Fato: algo terrível aconteceu com a Geração Z, nascida após 1996. Na última década, as taxas de depressão, ansiedade, comportamentos autodestrutivos e suicídios escalaram entre crianças e adolescentes, justamente os que cresceram sob o uso massivo e diário das redes viabilizado pelos smartphones. Correlação não implica causalidade, e, mesmo sendo uma causa, as redes não são a única. Mas há indícios de que, além de reforçar as outras, elas são a principal.

Algo dessa ansiedade pode refletir a ansiedade dos pais com tensões políticas e sociais. Uma cultura protecionista e a pressão por resultados deixa às crianças cada vez menos tempo para atividades livres e não supervisionadas entre si, minando o desenvolvimento de suas habilidades em cooperar, ceder, solucionar conflitos e tolerar adversidades. Essa psique fragilizada é palpável nos campi, onde universitários “cancelam” opiniões que são sentidas como “violência”.
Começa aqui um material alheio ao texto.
lemma expected_weighted_error_bound:
  assumes noise_bound: "\<And>s j. 1 \<le> s \<Longrightarrow> j < d \<Longrightarrow> (\<integral>\<omega>. (grad_noise s \<omega> j)\<^sup>2 \<partial>M) \<le> \<sigma>\<^sup>2 * lam j"
  shows "(\<integral>\<omega>. (\<Sum>j<d. lam j * (iterate (Suc t) \<omega> j - w_opt j)\<^sup>2) \<partial>M)
    \<le> (\<Sum>j<d. lam j * (w1 j - w_opt j)\<^sup>2) / (real t + 1)\<^sup>2 + real t / (real t + 1)\<^sup>2 * real d * \<sigma>\<^sup>2"
proof -
  define D where "D s = (\<Sum>j<d. lam j * (\<integral>\<omega>. (iterate s \<omega> j - w_opt j)\<^sup>2 \<partial>M))" for s
  have "(real s + 1)\<^sup>2 * D (Suc s) \<le> (real s)\<^sup>2 * D s + real d * \<sigma>\<^sup>2" if "1 \<le> s" for s
  proof -
    have "(real s + 1)\<^sup>2 * D (Suc s)
        = (\<Sum>j<d. (real s + 1)\<^sup>2 * (lam j * (\<integral>\<omega>. (iterate (Suc s) \<omega> j - w_opt j)\<^sup>2 \<partial>M)))"
      by (simp add: D_def sum_distrib_left)
    also have "\<dots> \<le> (\<Sum>j<d. (real s)\<^sup>2 * (lam j * (\<integral>\<omega>. (iterate s \<omega> j - w_opt j)\<^sup>2 \<partial>M)) + \<sigma>\<^sup>2)"
      using that noise_bound by (intro sum_mono weighted_error_step) simp_all
    also have "\<dots> = (real s)\<^sup>2 * D s + real d * \<sigma>\<^sup>2"
      by (simp add: D_def sum.distrib sum_distrib_left)
    finally show ?thesis .
  qed
  then have "(real t + 1)\<^sup>2 * D (Suc t) \<le> D 1 + real t * (real d * \<sigma>\<^sup>2)"
    by (rule bound_of_scaled_recursion)
  moreover have "D 1 = (\<Sum>j<d. lam j * (w1 j - w_opt j)\<^sup>2)"
    by (simp add: D_def prob_space)
  moreover have "(\<integral>\<omega>. (\<Sum>j<d. lam j * (iterate (Suc t) \<omega> j - w_opt j)\<^sup>2) \<partial>M) = D (Suc t)"
    unfolding D_def using error_square_integrable[of "Suc t"]
    by (subst Bochner_Integration.integral_sum) simp_all
  ultimately show ?thesis
    by (simp add: pos_le_divide_eq add_divide_distrib[symmetric] mult.commute mult.left_commute)
qed
(* If $T\subseteq\mathbb{R}^n$ is an action set, then $\mathbf{W}(T)=\bigcap_{t\in T}\mathbf{W}(t)$ is a reaction set.
   Context: Single-commodity network pricing setting: $G=(\mathcal{V},\mathcal{A})$ directed graph, arc costs $c\ge0$, nonempty tolled arc set $\mathcal{A}_1\subsetneq\mathcal{A}$, $n=|\mathcal{A}_1|$, $N$ node–arc incidence matrix, single origin $o$ and destination $d$ connected by a path of arcs not in $\mathcal{A}_1$, $b_o=1$, $b_d=-1$, $b_i=0$ otherwise, $\mathcal{X}=\{x\in\mathbb{R}^{\mathcal{A}}: Nx=b,\ x\ge0\}$, $x_{\mathcal{A}_1}$ the restriction of $x$ to $\mathcal{A}_1$; tolls $t\in\mathbb{R}^n$ are extended by zeros to $\bar t\in\mathbb{R}^{\mathcal{A}}$. Let $f(t)=\min\{c^\top x+t^\top x_{\mathcal{A}_1}: x\in\mathcal{X}\}$ for $t\ge0$, $f(t)=-\infty$ otherwise, and $g(w)=\sup_{t\in\mathbb{R}^n}\{f(t)-t^\top w\}$. An action set is a set $T=\{t:(t,z)\in F\text{ for some }z\}$ where $F$ is a face of $\operatorname{epi}(-f)$ whose affine hull's direction space does not contain $(0,1)$ (non-vertical face); a reaction set is defined identically with $\operatorname{epi}(g)$ in place of $\operatorname{epi}(-f)$ (projection onto $w$-space of a non-vertical face of $\operatorname{epi}(g)$). For $t\ge0$, $\mathbf{W}(t)$ is the set of $w$ such that $(w,x)$ is optimal for some $x$ in the program $\min_{w,x}\{c^\top x+t^\top w: x_{\mathcal{A}_1}\le w,\ Nx=b,\ w\ge0,\ x\ge0\}$. *)

theory Defs
  imports "HOL-Analysis.Analysis"
begin

text \<open>Directed graph with finite arc type 'e and finite node type 'v; arc a goes
from tlA a to hdA a.  Tolled arcs are indexed by a finite type 'n via an injective map
ta :: 'n \<Rightarrow> 'e, so A1 = range ta and tolls live in real^'n (n = CARD('n)).\<close>

definition incid :: "('e::finite \<Rightarrow> 'v::finite) \<Rightarrow> ('e \<Rightarrow> 'v) \<Rightarrow> real^'e^'v" where
  "incid tlA hdA = (\<chi> i a. (if tlA a = i then 1 else 0) - (if hdA a = i then 1 else 0))"

definition bvec :: "'v \<Rightarrow> 'v \<Rightarrow> real^'v" where
  "bvec orig dest = (\<chi> i. if i = orig then 1 else if i = dest then -1 else 0)"

definition flows :: "('e::finite \<Rightarrow> 'v::finite) \<Rightarrow> ('e \<Rightarrow> 'v) \<Rightarrow> 'v \<Rightarrow> 'v \<Rightarrow> (real^'e) set" where
  "flows tlA hdA orig dest = {x. incid tlA hdA *v x = bvec orig dest \<and> (\<forall>a. 0 \<le> x $ a)}"

definition restr :: "('n::finite \<Rightarrow> 'e) \<Rightarrow> real^'e \<Rightarrow> real^'n" where
  "restr ta x = (\<chi> k. x $ ta k)"

definition fval :: "('e::finite \<Rightarrow> 'v::finite) \<Rightarrow> ('e \<Rightarrow> 'v) \<Rightarrow> 'v \<Rightarrow> 'v \<Rightarrow> real^'e \<Rightarrow> ('n::finite \<Rightarrow> 'e)
                     \<Rightarrow> real^'n \<Rightarrow> ereal" where
  "fval tlA hdA orig dest c ta t =
     (if (\<forall>k. 0 \<le> t $ k)
      then (INF x\<in>flows tlA hdA orig dest. ereal (c \<bullet> x + t \<bullet> restr ta x))
      else -\<infinity>)"

definition gval :: "('e::finite \<Rightarrow> 'v::finite) \<Rightarrow> ('e \<Rightarrow> 'v) \<Rightarrow> 'v \<Rightarrow> 'v \<Rightarrow> real^'e \<Rightarrow> ('n::finite \<Rightarrow> 'e)
                     \<Rightarrow> real^'n \<Rightarrow> ereal" where
  "gval tlA hdA orig dest c ta w = (SUP t. fval tlA hdA orig dest c ta t - ereal (t \<bullet> w))"

definition nonvertical :: "(('a::real_vector) \<times> real) set \<Rightarrow> bool" where
  "nonvertical F \<longleftrightarrow> (0, 1) \<notin> {u - v | u v. u \<in> affine hull F \<and> v \<in> affine hull F}"

definition action_set :: "('e::finite \<Rightarrow> 'v::finite) \<Rightarrow> ('e \<Rightarrow> 'v) \<Rightarrow> 'v \<Rightarrow> 'v \<Rightarrow> real^'e \<Rightarrow> ('n::finite \<Rightarrow> 'e)
                     \<Rightarrow> (real^'n) set \<Rightarrow> bool" where
  "action_set tlA hdA orig dest c ta T \<longleftrightarrow>
     (\<exists>F. F face_of {(t, z). - fval tlA hdA orig dest c ta t \<le> ereal z} \<and> F \<noteq> {}
          \<and> nonvertical F \<and> T = fst ` F)"
(* Consider the system of delay differential equations \[ \begin{cases} x'(t)=s-dx(t)-kx(t)v(t),\\ y'(t)=k_{d}\int_{0}^{h_{1}}f_{1}(\tau)x(t-\tau)v(t-\tau)\,d\tau-\delta y(t)-py(t)z(t),\\ v'(t)=N_{d}\delta\int_{0}^{h_{2}}f_{2}(\tau)y(t-\tau)\,d\tau-\mu v(t),\\ z'(t)=qy(t)z(t)-bz(t), \end{cases} \] with initial conditions $x(\theta)=\varphi_{1}(\theta)$, $y(\theta)=\varphi_{2}(\theta)$, $v(\theta)=\varphi_{3}(\theta)$ for $\theta\in[-\overline{h},0]$ and $z(0)=z_{0}$, where $\varphi_{i}\in C([-\overline{h},0],\mathbb{R}_{+})$, $i=1,2,3$, and $z_{0}\geq0$. Then every solution is nonnegative for $t>0$. Moreover, every solution is positive for $t>\overline{h}$ if $z_{0}>0$ and either (i) $\varphi_{2}(0)+\int_{0}^{h_{1}}f_{1}(\tau)\varphi_{1}(-\tau)\varphi_{3}(-\tau)\,d\tau>0$, or (ii) $\varphi_{3}(0)+\int_{0}^{h_{2}}f_{2}(\tau)\varphi_{2}(-\tau)\,d\tau>0$. Furthermore, every solution is bounded above by some positive constant for sufficiently large $t$.
   Context: All parameters $s,d,k,k_d,\delta,p,N_d,\mu,q,b$ are positive constants. $h_1,h_2>0$, $\overline{h}=\max\{h_1,h_2\}$, and $f_1:[0,h_1]\to\mathbb{R}_+$, $f_2:[0,h_2]\to\mathbb{R}_+$ are integrable functions with $\int_0^{h_1}f_1(\tau)d\tau=\int_0^{h_2}f_2(\tau)d\tau=1$. $C([-\overline{h},0],\mathbb{R}_+)$ denotes the continuous nonnegative functions on $[-\overline{h},0]$ with the sup-norm. *)

theory Defs
  imports "HOL-Analysis.Analysis"
begin

definition ddesol ::
  "real \<Rightarrow> real \<Rightarrow> real \<Rightarrow> real \<Rightarrow> real \<Rightarrow> real \<Rightarrow> real \<Rightarrow> real \<Rightarrow> real \<Rightarrow> real \<Rightarrow>
   real \<Rightarrow> real \<Rightarrow> (real \<Rightarrow> real) \<Rightarrow> (real \<Rightarrow> real) \<Rightarrow>
   (real \<Rightarrow> real) \<Rightarrow> (real \<Rightarrow> real) \<Rightarrow> (real \<Rightarrow> real) \<Rightarrow> real \<Rightarrow>
   (real \<Rightarrow> real) \<Rightarrow> (real \<Rightarrow> real) \<Rightarrow> (real \<Rightarrow> real) \<Rightarrow> (real \<Rightarrow> real) \<Rightarrow> bool"
where
  "ddesol s d k kd \<delta> p Nd \<mu> q b h1 h2 f1 f2 \<phi>1 \<phi>2 \<phi>3 z0 x y v z \<longleftrightarrow>
    (let hb = max h1 h2 in
      continuous_on {-hb..} x \<and> continuous_on {-hb..} y \<and> continuous_on {-hb..} v \<and>
      continuous_on {0..} z \<and>
      (\<forall>\<theta>\<in>{-hb..0}. x \<theta> = \<phi>1 \<theta> \<and> y \<theta> = \<phi>2 \<theta> \<and> v \<theta> = \<phi>3 \<theta>) \<and>
      z 0 = z0 \<and>
      (\<forall>t>0.
        (x has_real_derivative (s - d * x t - k * x t * v t)) (at t) \<and>
        (y has_real_derivative
           (kd * integral {0..h1} (\<lambda>\<tau>. f1 \<tau> * x (t - \<tau>) * v (t - \<tau>))
            - \<delta> * y t - p * y t * z t)) (at t) \<and>
        (v has_real_derivative
           (Nd * \<delta> * integral {0..h2} (\<lambda>\<tau>. f2 \<tau> * y (t - \<tau>)) - \<mu> * v t)) (at t) \<and>
        (z has_real_derivative (q * y t * z t - b * z t)) (at t)))"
A terceirização da educação e recreação para as telas pode ter um papel no isolamento dos jovens. Sua relação com transtornos mentais é mais incerta. Nesse sentido, as telas seriam como um novo alimento. A comida é necessária à vida; desbalanceada, é nociva. As telas seriam como açúcar, dispensável para a nutrição, mas saboroso, e, em excesso, pernicioso. Já as redes parecem ser algo mais. Não são como veneno de rato, tóxico para todos, mas mais como o álcool, uma substância medianamente viciante que facilita interações sociais, mas pode levar à dependência e depressão de uma minoria. Para jovens em desenvolvimento cerebral e emocional, alerta Murthy, as sequelas podem ser agudas.

Por décadas as mídias tradicionais, sob pressão social e governamental, se autorregularam para manter seu conteúdo amistoso às famílias. Isso contrasta com a anarquia online. No caso das redes, há uma novidade radical. Os usuários não são só espectadores, mas interagem com os produtores de conteúdo e, sobretudo, expõem seus conteúdos. E há o modelo de monetização: utilizando dados pessoais para maximizar o engajamento dos usuários e expô-los à publicidade, o desenho dos algoritmos estimula o vício, a agressão, conspirações e outros comportamentos antissociais.

Adolescentes são singularmente sensíveis ao julgamento de amigos e da multidão digital. “As mídias sociais parecem sequestrar esta sensibilidade aguda aos pares e induzir a um pensamento obsessivo sobre a imagem corporal e a popularidade”, advertiu o psicólogo Jonathan Haidt.

Murthy e Haidt recomendam às famílias estratégias, como confraternizações offline, e convergem em focos regulatórios que obriguem as redes a permitir que pesquisadores acessem seus dados; a dar, via controles parentais, mais poder aos pais e menos às empresas, que deveriam inclusive ser responsabilizadas por danos causados por ou a menores que utilizem perfis não autorizados por um adulto responsável; e a criar ambientes adequados às crianças, caso não consigam mantê-las afastadas. Crucial é impedir a monetização de seus dados e engajamento tal como se faz com adultos.

No mundo “real” os jovens estão sendo introduzidos no espaço público adulto cada vez mais tarde; no mundo “virtual”, cada vez mais cedo. Para piorar, a praça pública digital é controlada por corporações que, para maximizar seu lucro, estimulam a adicção e comportamentos intrusivos e performáticos numa competição por popularidade. Enquanto os adultos dessa geração avaliam as consequências desse ambiente para si, a prudência exige manter seus filhos a uma distância segura.